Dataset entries
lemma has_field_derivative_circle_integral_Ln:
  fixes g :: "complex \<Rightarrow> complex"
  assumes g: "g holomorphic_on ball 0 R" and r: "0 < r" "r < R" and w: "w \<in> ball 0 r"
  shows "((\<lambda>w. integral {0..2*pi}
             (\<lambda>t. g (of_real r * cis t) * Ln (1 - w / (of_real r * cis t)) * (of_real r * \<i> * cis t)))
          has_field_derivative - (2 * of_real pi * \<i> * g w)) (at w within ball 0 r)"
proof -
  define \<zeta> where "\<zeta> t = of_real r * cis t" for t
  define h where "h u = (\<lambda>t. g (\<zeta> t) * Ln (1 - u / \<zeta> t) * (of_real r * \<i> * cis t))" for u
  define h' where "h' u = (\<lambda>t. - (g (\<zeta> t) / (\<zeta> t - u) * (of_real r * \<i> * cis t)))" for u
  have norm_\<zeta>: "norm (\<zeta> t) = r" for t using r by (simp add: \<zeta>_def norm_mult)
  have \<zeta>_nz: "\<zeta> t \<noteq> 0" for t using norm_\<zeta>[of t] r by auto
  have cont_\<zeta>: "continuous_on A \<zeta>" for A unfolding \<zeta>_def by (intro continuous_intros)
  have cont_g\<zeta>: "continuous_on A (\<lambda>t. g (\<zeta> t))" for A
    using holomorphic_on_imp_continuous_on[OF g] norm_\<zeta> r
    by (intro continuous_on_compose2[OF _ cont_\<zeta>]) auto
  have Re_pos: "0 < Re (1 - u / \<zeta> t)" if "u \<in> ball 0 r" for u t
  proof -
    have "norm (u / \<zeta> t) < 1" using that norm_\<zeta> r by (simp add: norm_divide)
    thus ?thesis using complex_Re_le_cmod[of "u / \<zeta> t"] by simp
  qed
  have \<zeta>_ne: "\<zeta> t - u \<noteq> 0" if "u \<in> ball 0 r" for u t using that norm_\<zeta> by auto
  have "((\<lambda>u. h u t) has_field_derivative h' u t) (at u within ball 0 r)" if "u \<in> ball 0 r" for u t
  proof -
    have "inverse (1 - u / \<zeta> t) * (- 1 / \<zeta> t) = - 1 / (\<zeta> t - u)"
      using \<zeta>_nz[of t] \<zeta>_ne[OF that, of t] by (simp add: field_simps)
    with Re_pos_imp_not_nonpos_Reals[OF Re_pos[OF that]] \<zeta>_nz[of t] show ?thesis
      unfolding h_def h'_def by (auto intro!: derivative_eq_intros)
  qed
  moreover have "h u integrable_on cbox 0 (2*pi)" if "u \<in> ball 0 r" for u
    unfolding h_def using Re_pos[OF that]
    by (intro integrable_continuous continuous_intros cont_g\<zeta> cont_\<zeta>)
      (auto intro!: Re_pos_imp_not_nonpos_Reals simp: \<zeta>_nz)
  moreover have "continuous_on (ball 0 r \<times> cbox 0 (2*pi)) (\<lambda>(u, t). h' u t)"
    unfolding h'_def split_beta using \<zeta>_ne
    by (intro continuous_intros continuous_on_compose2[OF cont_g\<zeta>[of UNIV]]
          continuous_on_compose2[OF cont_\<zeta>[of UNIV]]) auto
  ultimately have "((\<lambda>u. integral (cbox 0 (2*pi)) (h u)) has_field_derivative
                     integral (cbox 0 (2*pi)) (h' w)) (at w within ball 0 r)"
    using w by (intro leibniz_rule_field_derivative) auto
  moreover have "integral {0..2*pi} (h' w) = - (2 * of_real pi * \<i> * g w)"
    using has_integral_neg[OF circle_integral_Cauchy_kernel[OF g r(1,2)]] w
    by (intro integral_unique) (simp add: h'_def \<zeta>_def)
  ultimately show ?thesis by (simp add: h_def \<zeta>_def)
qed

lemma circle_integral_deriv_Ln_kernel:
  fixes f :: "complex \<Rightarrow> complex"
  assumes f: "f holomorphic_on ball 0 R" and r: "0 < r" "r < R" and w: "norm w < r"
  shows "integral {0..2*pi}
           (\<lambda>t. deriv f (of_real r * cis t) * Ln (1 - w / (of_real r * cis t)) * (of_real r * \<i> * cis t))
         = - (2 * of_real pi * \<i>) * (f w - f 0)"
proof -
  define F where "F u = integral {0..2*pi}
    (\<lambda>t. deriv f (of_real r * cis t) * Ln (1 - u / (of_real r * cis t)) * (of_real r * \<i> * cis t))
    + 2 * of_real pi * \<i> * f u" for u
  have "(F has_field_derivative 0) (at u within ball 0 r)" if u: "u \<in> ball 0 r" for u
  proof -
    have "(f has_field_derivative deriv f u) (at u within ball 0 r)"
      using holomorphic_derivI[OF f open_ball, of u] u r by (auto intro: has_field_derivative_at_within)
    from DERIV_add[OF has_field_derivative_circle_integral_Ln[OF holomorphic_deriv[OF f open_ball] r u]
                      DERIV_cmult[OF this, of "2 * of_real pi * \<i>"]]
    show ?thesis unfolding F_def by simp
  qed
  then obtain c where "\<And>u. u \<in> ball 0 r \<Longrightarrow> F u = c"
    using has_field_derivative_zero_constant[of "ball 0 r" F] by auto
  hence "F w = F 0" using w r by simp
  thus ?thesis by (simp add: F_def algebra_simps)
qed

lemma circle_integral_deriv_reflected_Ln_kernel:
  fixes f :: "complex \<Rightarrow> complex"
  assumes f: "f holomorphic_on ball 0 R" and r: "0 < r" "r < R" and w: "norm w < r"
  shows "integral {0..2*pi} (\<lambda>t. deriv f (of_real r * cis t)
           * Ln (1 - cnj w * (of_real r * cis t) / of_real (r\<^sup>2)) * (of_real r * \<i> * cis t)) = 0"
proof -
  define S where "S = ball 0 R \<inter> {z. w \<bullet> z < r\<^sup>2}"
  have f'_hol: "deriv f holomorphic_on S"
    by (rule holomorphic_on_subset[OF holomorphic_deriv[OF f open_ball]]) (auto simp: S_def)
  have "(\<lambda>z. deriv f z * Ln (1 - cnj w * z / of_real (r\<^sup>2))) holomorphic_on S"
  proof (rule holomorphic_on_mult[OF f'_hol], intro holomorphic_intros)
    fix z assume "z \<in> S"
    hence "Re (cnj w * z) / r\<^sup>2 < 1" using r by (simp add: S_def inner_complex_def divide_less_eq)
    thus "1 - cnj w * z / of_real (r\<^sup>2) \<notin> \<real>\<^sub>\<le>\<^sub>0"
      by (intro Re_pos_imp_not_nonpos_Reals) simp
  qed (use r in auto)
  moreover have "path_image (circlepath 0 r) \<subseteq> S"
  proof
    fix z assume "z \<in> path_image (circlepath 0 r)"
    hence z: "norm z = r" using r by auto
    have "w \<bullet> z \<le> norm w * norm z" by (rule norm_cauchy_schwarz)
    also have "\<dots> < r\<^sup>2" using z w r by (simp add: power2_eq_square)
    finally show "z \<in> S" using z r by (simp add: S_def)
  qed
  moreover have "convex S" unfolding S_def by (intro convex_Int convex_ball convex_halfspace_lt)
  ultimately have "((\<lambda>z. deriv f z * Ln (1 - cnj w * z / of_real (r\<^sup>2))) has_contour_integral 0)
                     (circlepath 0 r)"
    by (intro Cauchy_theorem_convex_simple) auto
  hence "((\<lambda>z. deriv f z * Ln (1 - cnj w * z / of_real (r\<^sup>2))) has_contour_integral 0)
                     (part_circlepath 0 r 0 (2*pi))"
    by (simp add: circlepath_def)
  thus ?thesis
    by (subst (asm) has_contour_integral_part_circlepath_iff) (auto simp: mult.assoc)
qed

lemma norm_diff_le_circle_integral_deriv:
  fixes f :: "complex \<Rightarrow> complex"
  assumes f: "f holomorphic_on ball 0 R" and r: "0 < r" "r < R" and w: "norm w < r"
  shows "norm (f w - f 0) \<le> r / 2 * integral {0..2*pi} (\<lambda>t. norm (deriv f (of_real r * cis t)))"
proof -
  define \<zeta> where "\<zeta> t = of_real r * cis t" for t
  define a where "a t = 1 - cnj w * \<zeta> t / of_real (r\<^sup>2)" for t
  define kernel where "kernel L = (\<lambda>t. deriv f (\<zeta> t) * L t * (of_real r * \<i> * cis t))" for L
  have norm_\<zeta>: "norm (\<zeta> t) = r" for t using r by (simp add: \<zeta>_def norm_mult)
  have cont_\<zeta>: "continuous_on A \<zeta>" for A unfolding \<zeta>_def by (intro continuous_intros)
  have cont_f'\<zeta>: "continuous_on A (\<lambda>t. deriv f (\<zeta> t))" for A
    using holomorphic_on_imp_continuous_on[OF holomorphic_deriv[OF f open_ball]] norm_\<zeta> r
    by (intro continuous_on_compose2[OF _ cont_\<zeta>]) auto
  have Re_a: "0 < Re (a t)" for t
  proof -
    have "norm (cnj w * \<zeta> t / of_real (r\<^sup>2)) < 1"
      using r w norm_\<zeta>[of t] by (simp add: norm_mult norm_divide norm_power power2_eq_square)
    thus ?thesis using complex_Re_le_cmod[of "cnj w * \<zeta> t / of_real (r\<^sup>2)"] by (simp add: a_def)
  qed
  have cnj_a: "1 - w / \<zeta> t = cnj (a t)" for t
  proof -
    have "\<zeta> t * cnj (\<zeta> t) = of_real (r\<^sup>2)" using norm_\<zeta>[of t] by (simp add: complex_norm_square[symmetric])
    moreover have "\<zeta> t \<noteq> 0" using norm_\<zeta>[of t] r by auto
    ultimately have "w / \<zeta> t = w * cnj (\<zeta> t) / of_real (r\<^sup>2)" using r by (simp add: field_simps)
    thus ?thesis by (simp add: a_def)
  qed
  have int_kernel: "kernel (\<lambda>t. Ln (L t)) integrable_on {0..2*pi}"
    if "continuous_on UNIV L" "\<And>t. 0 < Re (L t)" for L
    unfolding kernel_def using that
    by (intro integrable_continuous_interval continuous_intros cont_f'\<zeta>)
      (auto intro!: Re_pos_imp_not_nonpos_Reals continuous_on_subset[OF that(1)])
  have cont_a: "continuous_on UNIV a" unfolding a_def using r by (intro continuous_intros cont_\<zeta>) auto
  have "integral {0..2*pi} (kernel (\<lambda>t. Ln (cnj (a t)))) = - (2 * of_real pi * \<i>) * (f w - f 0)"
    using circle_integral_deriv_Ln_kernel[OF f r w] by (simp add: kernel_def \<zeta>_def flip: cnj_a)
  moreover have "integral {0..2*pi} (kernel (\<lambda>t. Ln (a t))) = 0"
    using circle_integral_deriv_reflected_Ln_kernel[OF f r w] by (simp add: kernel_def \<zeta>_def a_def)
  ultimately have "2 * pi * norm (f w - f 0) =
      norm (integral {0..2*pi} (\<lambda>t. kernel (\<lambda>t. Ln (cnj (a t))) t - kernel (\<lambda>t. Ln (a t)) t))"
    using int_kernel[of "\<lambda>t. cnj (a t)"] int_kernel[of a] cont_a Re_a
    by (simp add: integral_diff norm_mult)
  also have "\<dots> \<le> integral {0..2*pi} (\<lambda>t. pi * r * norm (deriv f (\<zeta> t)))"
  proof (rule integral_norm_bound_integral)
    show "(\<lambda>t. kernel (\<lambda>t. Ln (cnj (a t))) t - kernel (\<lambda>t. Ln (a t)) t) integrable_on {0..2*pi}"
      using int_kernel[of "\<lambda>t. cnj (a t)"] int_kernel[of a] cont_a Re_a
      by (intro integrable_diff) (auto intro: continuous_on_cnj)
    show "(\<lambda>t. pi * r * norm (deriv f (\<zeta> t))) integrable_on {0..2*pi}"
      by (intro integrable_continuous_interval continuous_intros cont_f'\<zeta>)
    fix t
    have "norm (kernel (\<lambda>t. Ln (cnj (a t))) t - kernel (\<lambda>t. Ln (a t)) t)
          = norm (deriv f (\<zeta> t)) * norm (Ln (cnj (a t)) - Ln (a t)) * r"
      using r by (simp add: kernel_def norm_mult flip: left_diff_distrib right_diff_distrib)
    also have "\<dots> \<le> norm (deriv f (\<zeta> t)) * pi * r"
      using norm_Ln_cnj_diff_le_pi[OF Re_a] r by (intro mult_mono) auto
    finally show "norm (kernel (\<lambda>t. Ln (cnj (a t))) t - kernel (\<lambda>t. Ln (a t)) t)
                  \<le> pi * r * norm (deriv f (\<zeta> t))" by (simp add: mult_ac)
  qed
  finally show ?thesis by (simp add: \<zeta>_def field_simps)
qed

* [EXERCISE DIRECTIONS] Would you retype the lines above from the one with "norm (Ln (cnj" down to the one with "(\<zeta> t)) * pi", word for word, both ends included and no other lines?

* [RESPONSE FOR THIS EXERCISE]
          = norm (deriv f (\<zeta> t)) * norm (Ln (cnj (a t)) - Ln (a t)) * r"
      using r by (simp add: kernel_def norm_mult flip: left_diff_distrib right_diff_distrib)
    also have "\<dots> \<le> norm (deriv f (\<zeta> t)) * pi * r"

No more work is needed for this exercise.